The Innenstadt comprises the medieval Altstadt (old town) and Neustadt (new town), which were united in 1306. The Altstadt developed around the town's three medieval churches, which initially constituted small parishes in the local area: the Lutheran Kirche St. Marien (Church of St. Mary), the Lutheran Kirche St. Katharinen (Church of St. Catherine) and the Dom St. Peter (St. Peter's Cathedral), which was the seat of the bishop. The Neustadt developed around the Kirche St. Johann (Church of St. John).

Today the Gymnasialkirche and the Herz-Jesu-Kirche (Church of the Sacred Heart) are also part of the Innenstadt, as well as two mosques. The Schloss Osnabrück, formerly the residence of the local prince-bishop and today the head office of the University of Osnabrück, is also located here. This district is the economic heart of the city. The retail sector, with many outlets located along the extensive pedestrian precinct, is particularly prominent. Service industries are also present in the Innenstadt, including gastronomic outlets and hotels, public authorities and educational institutions.

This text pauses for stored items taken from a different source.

lemma dual_feasible_points_level_compact:
  assumes Js_sub: "\<forall>i\<in>{1..m}. Js i \<subseteq> {1..n}" and v: "\<And>t. 0 \<le> v t \<and> v t \<le> 1"
  shows "\<exists>K. compact K \<and> (\<forall>p\<in>dual_feasible_points m alpha Js. val0 \<le> dual_obj_at m Js v p \<longrightarrow> p \<in> K)"
proof -
  have "\<exists>M. \<forall>l1 l2 l3 mu. dual_feasible m alpha Js l1 l2 l3 mu \<and> val0 \<le> dual_obj m Js v l1 l2 l3 mu \<longrightarrow>
      (\<forall>t\<in>triples m Js. l1 t \<le> M \<and> l2 t \<le> M \<and> l3 t \<le> M) \<and> (\<forall>J\<in>NN m Js. mu J \<le> M)"
    using Js_sub v by (rule dual_feasible_level_bounded)
  then obtain M where M: "\<And>l1 l2 l3 mu. dual_feasible m alpha Js l1 l2 l3 mu \<Longrightarrow>
      val0 \<le> dual_obj m Js v l1 l2 l3 mu \<Longrightarrow>
      (\<forall>t\<in>triples m Js. l1 t \<le> M \<and> l2 t \<le> M \<and> l3 t \<le> M) \<and> (\<forall>J\<in>NN m Js. mu J \<le> M)"
    by blast
  define K where "K = PiE UNIV (\<lambda>t. if t \<in> triples m Js then {0..M} else {0})
      \<times> PiE UNIV (\<lambda>t. if t \<in> triples m Js then {0..M} else {0})
      \<times> PiE UNIV (\<lambda>t. if t \<in> triples m Js then {0..M} else {0})
      \<times> PiE UNIV (\<lambda>J. if J \<in> NN m Js then {0..M} else {0})"
  have "compact K" unfolding K_def
    by (intro compact_Times compact_PiE_UNIV) auto
  moreover have "p \<in> K" if "p \<in> dual_feasible_points m alpha Js" "val0 \<le> dual_obj_at m Js v p" for p
  proof -
    obtain a b c d where p: "p = (a, b, c, d)" by (cases p)
    have feas: "dual_feasible m alpha Js a b c d"
      and zero: "\<forall>t. t \<notin> triples m Js \<longrightarrow> a t = 0 \<and> b t = 0 \<and> c t = 0" "\<forall>J. J \<notin> NN m Js \<longrightarrow> d J = 0"
      using that(1) by (simp_all add: dual_feasible_points_def p)
    have "(\<forall>t\<in>triples m Js. a t \<le> M \<and> b t \<le> M \<and> c t \<le> M) \<and> (\<forall>J\<in>NN m Js. d J \<le> M)"
      using M[OF feas] that(2) by (simp add: dual_obj_at_def p)
    moreover have "(\<forall>t\<in>triples m Js. 0 \<le> a t \<and> 0 \<le> b t \<and> 0 \<le> c t) \<and> (\<forall>J\<in>NN m Js. 0 \<le> d J)"
      using feas by (simp add: dual_feasible_def)
    ultimately show ?thesis
      using zero by (auto simp: K_def p PiE_iff)
  qed
  ultimately show ?thesis by blast
qed

lemma dual_opt_value_exists:
  assumes Js_sub: "\<forall>i\<in>{1..m}. Js i \<subseteq> {1..n}" and v: "\<And>t. 0 \<le> v t \<and> v t \<le> 1"
    and feas0: "dual_feasible m alpha Js l1 l2 l3 mu"
  shows "\<exists>val. dual_opt_value m alpha Js v val \<and> dual_obj m Js v l1 l2 l3 mu \<le> val"
proof -
  let ?S = "dual_feasible_points m alpha Js" and ?p0 = "restrict_dual m Js l1 l2 l3 mu"
  have "\<exists>K. compact K \<and> (\<forall>p\<in>?S. dual_obj_at m Js v ?p0 \<le> dual_obj_at m Js v p \<longrightarrow> p \<in> K)"
    using Js_sub v by (rule dual_feasible_points_level_compact)
  then obtain p where "p \<in> ?S" and above: "dual_obj_at m Js v ?p0 \<le> dual_obj_at m Js v p"
    and max: "\<forall>q\<in>?S. dual_obj_at m Js v q \<le> dual_obj_at m Js v p"
    using continuous_attains_sup_above_level[OF _ closed_dual_feasible_points
        restrict_dual_mem_dual_feasible_points[OF feas0] continuous_on_dual_obj_at]
    by metis
  have "dual_opt_value m alpha Js v (dual_obj_at m Js v p)"
    unfolding dual_opt_value_def
  proof (intro conjI allI impI)
    show "\<exists>l1 l2 l3 mu. dual_feasible m alpha Js l1 l2 l3 mu \<and> dual_obj m Js v l1 l2 l3 mu = dual_obj_at m Js v p"
      using \<open>p \<in> ?S\<close> by (auto simp: dual_feasible_points_def dual_obj_at_def)
    fix l1' l2' l3' mu' assume "dual_feasible m alpha Js l1' l2' l3' mu'"
    then show "dual_obj m Js v l1' l2' l3' mu' \<le> dual_obj_at m Js v p"
      using max restrict_dual_mem_dual_feasible_points by (metis dual_obj_at_restrict_dual)
  qed
  then show ?thesis using above by (auto simp: dual_obj_at_restrict_dual)
qed

theorem lemma2:
  fixes n m :: nat and alpha :: "nat \<Rightarrow> real" and Js :: "nat \<Rightarrow> nat set" and T :: "triple set"
  assumes "\<forall>i\<in>{1..m}. Js i \<noteq> {} \<and> Js i \<subseteq> {1..n}"
    and "proper_triple_set m Js T"
  defines "eta \<equiv> - (\<Sum>i=1..m. min 0 (alpha i))"
  shows "\<exists>val. dual_opt_value m alpha Js (indicator_vec T) val \<and>
           - eta \<le> val \<and> val \<le> 0"
proof -
  have Js_sub: "\<forall>i\<in>{1..m}. Js i \<subseteq> {1..n}" using assms(1) by blast
  have v: "\<And>t. 0 \<le> indicator_vec T t \<and> indicator_vec T t \<le> 1"
    by (simp add: indicator_vec_def)
  have "\<exists>val. dual_opt_value m alpha Js (indicator_vec T) val \<and>
      dual_obj m Js (indicator_vec T) (\<lambda>_. 0) (\<lambda>_. 0) (\<lambda>_. 0) (\<lambda>J. max 0 (- beta m alpha Js J)) \<le> val"
    using Js_sub v dual_feasible_neg_part_beta by (rule dual_opt_value_exists)
  then obtain val where opt: "dual_opt_value m alpha Js (indicator_vec T) val"
    and above: "- (\<Sum>J\<in>NN m Js. max 0 (- beta m alpha Js J)) \<le> val"
    by (auto simp: dual_obj_neg_part_beta)
  have "- eta \<le> val"
    using above sum_neg_part_beta_le[OF assms(1), of alpha] by (simp add: eta_def)
  moreover have "val \<le> 0"
    using opt dual_obj_nonpos[OF _ v] by (auto simp: dual_opt_value_def)
  ultimately show ?thesis using opt by blast
qed

end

94% of Osnabrück's Altstadt was destroyed during World War II.

The Innenstadt is connected to the national and regional rail networks by the Osnabrück Hauptbahnhof (main station) and the Altstadt station (formerly Osnabrück-Hasetor). Another station used to operate at the Wittekindplatz: Osnabrück-West, also known as Osnabrück-Hannoverscher Bahnhof. The establishment of an Osnabrück-Johannistor train station to connect the Neustadt area has been a topic of discussion since the year 1895.

The Innenstadt was also connected by three tram lines (first opened in 1906 and gradually expanded over time): tram line 1 from the Hauptbahnhof to the Heger Friedhof (Heger Cemetery) via Hauptpost and Nikolaiort, tram line 2 from Schölerberg to Haste via Johannistor (Rosenplatz), Neumarkt, Nikolaiort and Hasetor, and tram line 3 from Martiniplatz/Heinrich-Lübke-Platz to Schinkel via Neumarkt and Hauptpost.

Present-day urban planning continues to consider the possibility of better connecting the Innenstadt area by means of an inner-city tram or light rail network.

== Sources ==

- M+E (Eds.), Osnabrück (Osnabruck, 1976)
- Neue Osnabrücker Zeitung, 2007–2010
- Spühr and Jeanmaire, Die Osnabrücker Straßenbahn (1980)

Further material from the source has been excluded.